In the Rathman Case this court had occasion to examine with some care the authorities upon the question what claimants are adverse claimants, who are entitled to an opportunity to prosecute or defend their claims in a plenary suit, and it endeavored to state the rules
There was a motion to dismiss the petition to revise the order to pay over the money, on the ground that the Stone Company was a stranger to the bankruptcy proceeding, and that a stranger may not maintain a petition to revise an order made in such a proceeding; but, while the Stone Company was a stranger to the bankruptcy proceeding until the trustee, by the petition he filed and the order to show cause he secured, brought it into the court below, and on that petition and order obtained the order on it to pay over the money it had collected, it was not a stranger to that order, nor to the petition and order to show cause on which it was based, and it had a right to a review of the questions of law they presented by a petition to revise.
Another ground of the motion was that the order of the court on the petition for the order to show cause was in effect a finding that the money was the property of the bankrupt estate.

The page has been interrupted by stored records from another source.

(* Let $G$, $\mathcal Q_\delta$, $\mathcal T_{\mathcal X}$ and BQ-CADMM be as in the context, with arbitrary $a\in\mathbb R$, $\Delta>0$, $\delta\in(0,\Delta)$, $\rho>0$ and arbitrary data $r_1,\dots,r_n\in\mathbb R$. Let $\bar r=\frac1n\sum_{i=1}^n r_i$. Then there exists a finite $k_0$ such that for all $k\ge k_0$ exactly one of the following holds: (i) (convergence) $\mathcal Q_\delta(x_1^k)=\mathcal Q_\delta(x_2^k)=\cdots=\mathcal Q_\delta(x_n^k)=x_Q^*$ for a common value $x_Q^*\in\{a,a+\Delta\}$ independent of $k$, and $$|x_Q^*-\mathcal T_{\mathcal X}(\bar r)|\le \Big(1+4\rho\tfrac{m}{n}\Big)(\Delta-\delta)\ \text{ if } x_Q^*=a,\qquad |x_Q^*-\mathcal T_{\mathcal X}(\bar r)|<\Big(1+4\rho\tfrac{m}{n}\Big)\delta\ \text{ if } x_Q^*=a+\Delta;$$ (ii) (cycling) there is a finite period $T\ge2$ with $x_i^k=x_i^{k+T}$ for all $i=1,\dots,n$, such that $$\sum_{l=0}^{T-1}\mathcal Q_\delta(x_1^{k+l})=\sum_{l=0}^{T-1}\mathcal Q_\delta(x_2^{k+l})=\cdots=\sum_{l=0}^{T-1}\mathcal Q_\delta(x_n^{k+l}),$$ and moreover $|\bar r-(a+\Delta-\delta)|<6\rho n\Delta$.
   Context: Let $G$ be a connected undirected simple graph on nodes $\{1,\dots,n\}$, $n\ge2$, with $m$ edges; $\mathcal N_i$ is the set of neighbors of node $i$ (with $i\notin\mathcal N_i$), so $\sum_i|\mathcal N_i|=2m$. Given $a\in\mathbb R$, $\Delta>0$ and $\delta\in(0,\Delta)$, the $\delta$-quantizer is $\mathcal Q_\delta(x)=a$ if $x\le a+\Delta-\delta$ and $\mathcal Q_\delta(x)=a+\Delta$ otherwise; $\mathcal X=[a,a+\Delta]$ and $\mathcal T_{\mathcal X}:\mathbb R\to\mathcal X$ is the projection onto $\mathcal X$ (nearest point). Given local data $r_1,\dots,r_n\in\mathbb R$ and a parameter $\rho>0$, BQ-CADMM is the deterministic iteration with $x_i^0=0$, $\alpha_i^0=0$ for all $i$ and, for $k\ge0$, $$x_i^{k+1}=\frac{1}{1+2\rho|\mathcal N_i|}\Big(\rho|\mathcal N_i|\mathcal Q_\delta(x_i^k)+\rho\sum_{j\in\mathcal N_i}\mathcal Q_\delta(x_j^k)-\alpha_i^k+r_i\Big),$$ $$\alpha_i^{k+1}=\alpha_i^k+\rho\Big(|\mathcal N_i|\mathcal Q_\delta(x_i^{k+1})-\sum_{j\in\mathcal N_i}\mathcal Q_\delta(x_j^{k+1})\Big).$$ *)

theory Defs
  imports Complex_Main
begin

definition nodes :: "nat \<Rightarrow> nat set" where
  "nodes n = {1..n}"

definition simple_connected_graph :: "nat \<Rightarrow> (nat \<Rightarrow> nat \<Rightarrow> bool) \<Rightarrow> bool" where
  "simple_connected_graph n E \<longleftrightarrow>
     (\<forall>i j. E i j \<longrightarrow> i \<in> nodes n \<and> j \<in> nodes n) \<and>
     (\<forall>i j. E i j \<longrightarrow> E j i) \<and>
     (\<forall>i. \<not> E i i) \<and>
     (\<forall>i\<in>nodes n. \<forall>j\<in>nodes n. E\<^sup>*\<^sup>* i j)"

definition nbrs :: "nat \<Rightarrow> (nat \<Rightarrow> nat \<Rightarrow> bool) \<Rightarrow> nat \<Rightarrow> nat set" where
  "nbrs n E i = {j \<in> nodes n. E i j}"

definition num_edges :: "nat \<Rightarrow> (nat \<Rightarrow> nat \<Rightarrow> bool) \<Rightarrow> nat" where
  "num_edges n E = card {(i, j). i \<in> nodes n \<and> j \<in> nodes n \<and> i < j \<and> E i j}"

definition quant :: "real \<Rightarrow> real \<Rightarrow> real \<Rightarrow> real \<Rightarrow> real" where
  "quant a \<Delta> \<delta> x = (if x \<le> a + \<Delta> - \<delta> then a else a + \<Delta>)"

definition proj :: "real \<Rightarrow> real \<Rightarrow> real \<Rightarrow> real" where
  "proj a \<Delta> x = max a (min (a + \<Delta>) x)"

primrec bq_cadmm :: "real \<Rightarrow> real \<Rightarrow> real \<Rightarrow> real \<Rightarrow> nat \<Rightarrow> (nat \<Rightarrow> nat \<Rightarrow> bool)
    \<Rightarrow> (nat \<Rightarrow> real) \<Rightarrow> nat \<Rightarrow> (nat \<Rightarrow> real) \<times> (nat \<Rightarrow> real)" where
  "bq_cadmm a \<Delta> \<delta> \<rho> n E r 0 = (\<lambda>_. 0, \<lambda>_. 0)"
| "bq_cadmm a \<Delta> \<delta> \<rho> n E r (Suc k) =
     (let x = fst (bq_cadmm a \<Delta> \<delta> \<rho> n E r k);
          \<alpha> = snd (bq_cadmm a \<Delta> \<delta> \<rho> n E r k);
          Q = quant a \<Delta> \<delta>;
          x' = (\<lambda>i. (\<rho> * real (card (nbrs n E i)) * Q (x i)
                      + \<rho> * (\<Sum>j\<in>nbrs n E i. Q (x j)) - \<alpha> i + r i)
                     / (1 + 2 * \<rho> * real (card (nbrs n E i))));
          \<alpha>' = (\<lambda>i. \<alpha> i + \<rho> * (real (card (nbrs n E i)) * Q (x' i)
                      - (\<Sum>j\<in>nbrs n E i. Q (x' j))))
      in (x', \<alpha>'))"

definition xk :: "real \<Rightarrow> real \<Rightarrow> real \<Rightarrow> real \<Rightarrow> nat \<Rightarrow> (nat \<Rightarrow> nat \<Rightarrow> bool)
    \<Rightarrow> (nat \<Rightarrow> real) \<Rightarrow> nat \<Rightarrow> nat \<Rightarrow> real" where
  "xk a \<Delta> \<delta> \<rho> n E r k i = fst (bq_cadmm a \<Delta> \<delta> \<rho> n E r k) i"

end

theory Submission
  imports Defs "HOL-Library.FuncSet"
begin

text \<open>The duals \<open>\<alpha>\<^sup>k\<close> live on the lattice \<open>\<rho>\<Delta>\<int>\<close> and stay bounded, since a dual that drifts below
  \<open>\<alpha>_low i\<close> or above \<open>\<alpha>_high i\<close> forces the next quantized value and is pushed back. So the
  pair \<open>(Q(x\<^sup>k), \<alpha>\<^sup>k)\<close>, which determines all later iterates, takes finitely many values and the
  iteration is eventually periodic. Over a period the duals return, so the period sums of
  \<open>Q(x\<^sub>i)\<close> lie in the kernel of the graph Laplacian and agree at all nodes. If one node is
  constant over the period then so are all, and summing the x-update (where \<open>\<Sum>\<^sub>i \<alpha>\<^sub>i = 0\<close>)
  compares \<open>x\<^sub>Q\<^sup>*\<close> with \<open>rbar\<close>. Otherwise every node takes both values, which pins each dual
  near \<open>[\<alpha>_low i, \<alpha>_high i]\<close>; summing against \<open>\<Sum>\<^sub>i \<alpha>\<^sub>i = 0\<close> locates \<open>rbar\<close> near the
  threshold \<open>a + \<Delta> - \<delta>\<close>. A period of the state is doubled to guarantee \<open>T \<ge> 2\<close>.\<close>

lemma finite_nodes [simp]: "finite (nodes n)"
  by (simp add: nodes_def)

lemma card_nodes [simp]: "card (nodes n) = n"
  by (simp add: nodes_def)

lemma nbrs_subset_nodes: "nbrs n E i \<subseteq> nodes n"
  by (auto simp: nbrs_def)

lemma finite_nbrs [simp]: "finite (nbrs n E i)"
  using finite_subset[OF nbrs_subset_nodes] by simp

lemma sum_nbrs_swap:
  fixes v :: "nat \<Rightarrow> 'a::comm_semiring_1"
  assumes "symp E"
  shows "(\<Sum>i\<in>nodes n. \<Sum>j\<in>nbrs n E i. v j) = (\<Sum>i\<in>nodes n. of_nat (card (nbrs n E i)) * v i)"
proof -
  have "(\<Sum>i\<in>nodes n. \<Sum>j\<in>nbrs n E i. v j) = (\<Sum>i\<in>nodes n. \<Sum>j\<in>nodes n. if E i j then v j else 0)"
    by (rule sum.cong) (auto simp: nbrs_def sum.If_cases Int_def)
  also have "\<dots> = (\<Sum>j\<in>nodes n. \<Sum>i\<in>nodes n. if E i j then v j else 0)"
    by (rule sum.swap)
  also have "\<dots> = (\<Sum>j\<in>nodes n. of_nat (card (nbrs n E j)) * v j)"
  proof (rule sum.cong)
    fix j
    have "{i \<in> nodes n. E i j} = nbrs n E j"
      using assms by (auto simp: nbrs_def symp_def)
    then show "(\<Sum>i\<in>nodes n. if E i j then v j else 0) = of_nat (card (nbrs n E j)) * v j"
      by (simp add: sum.If_cases Int_def)
  qed simp
  finally show ?thesis .
qed

lemma sum_laplacian_eq_0:
  fixes v :: "nat \<Rightarrow> 'a::comm_ring_1"
  assumes "symp E"
  shows "(\<Sum>i\<in>nodes n. of_nat (card (nbrs n E i)) * v i - (\<Sum>j\<in>nbrs n E i. v j)) = 0"
  by (simp add: sum_subtractf sum_nbrs_swap[OF assms])

lemma sum_card_nbrs:
  assumes "symp E" and "irreflp E"
  shows "(\<Sum>i\<in>nodes n. card (nbrs n E i)) = 2 * num_edges n E"
proof -
  let ?up = "{(i, j). i \<in> nodes n \<and> j \<in> nodes n \<and> i < j \<and> E i j}"
  let ?down = "{(i, j). i \<in> nodes n \<and> j \<in> nodes n \<and> j < i \<and> E i j}"
  have "i < j \<or> j < i" if "E i j" for i j
    using assms(2) that by (cases i j rule: linorder_cases) (auto simp: irreflp_def)
  then have "Sigma (nodes n) (nbrs n E) = ?up \<union> ?down"
    by (auto simp: nbrs_def) blast
  moreover have "?down = prod.swap ` ?up"
    using sympD[OF assms(1)] by (fastforce simp: image_iff)
  moreover have "finite ?up"
    by (rule finite_subset[of _ "nodes n \<times> nodes n"]) auto
  moreover have "?up \<inter> prod.swap ` ?up = {}"
    by auto
  ultimately have "card (Sigma (nodes n) (nbrs n E)) = 2 * card ?up"
    by (simp add: card_Un_disjoint card_image)
  then show ?thesis
    by (simp add: num_edges_def)
qed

But there was no such express finding, and the petition alleges the levy eight days before the petition was filed, and other facts which present the questions of law which have been considered.
The petition to revise is well founded, and the order that the Stone Company pay over to the trustee the $211.93 and interest and the costs on the hearing below must be set aside and annulled; and it is so ordered.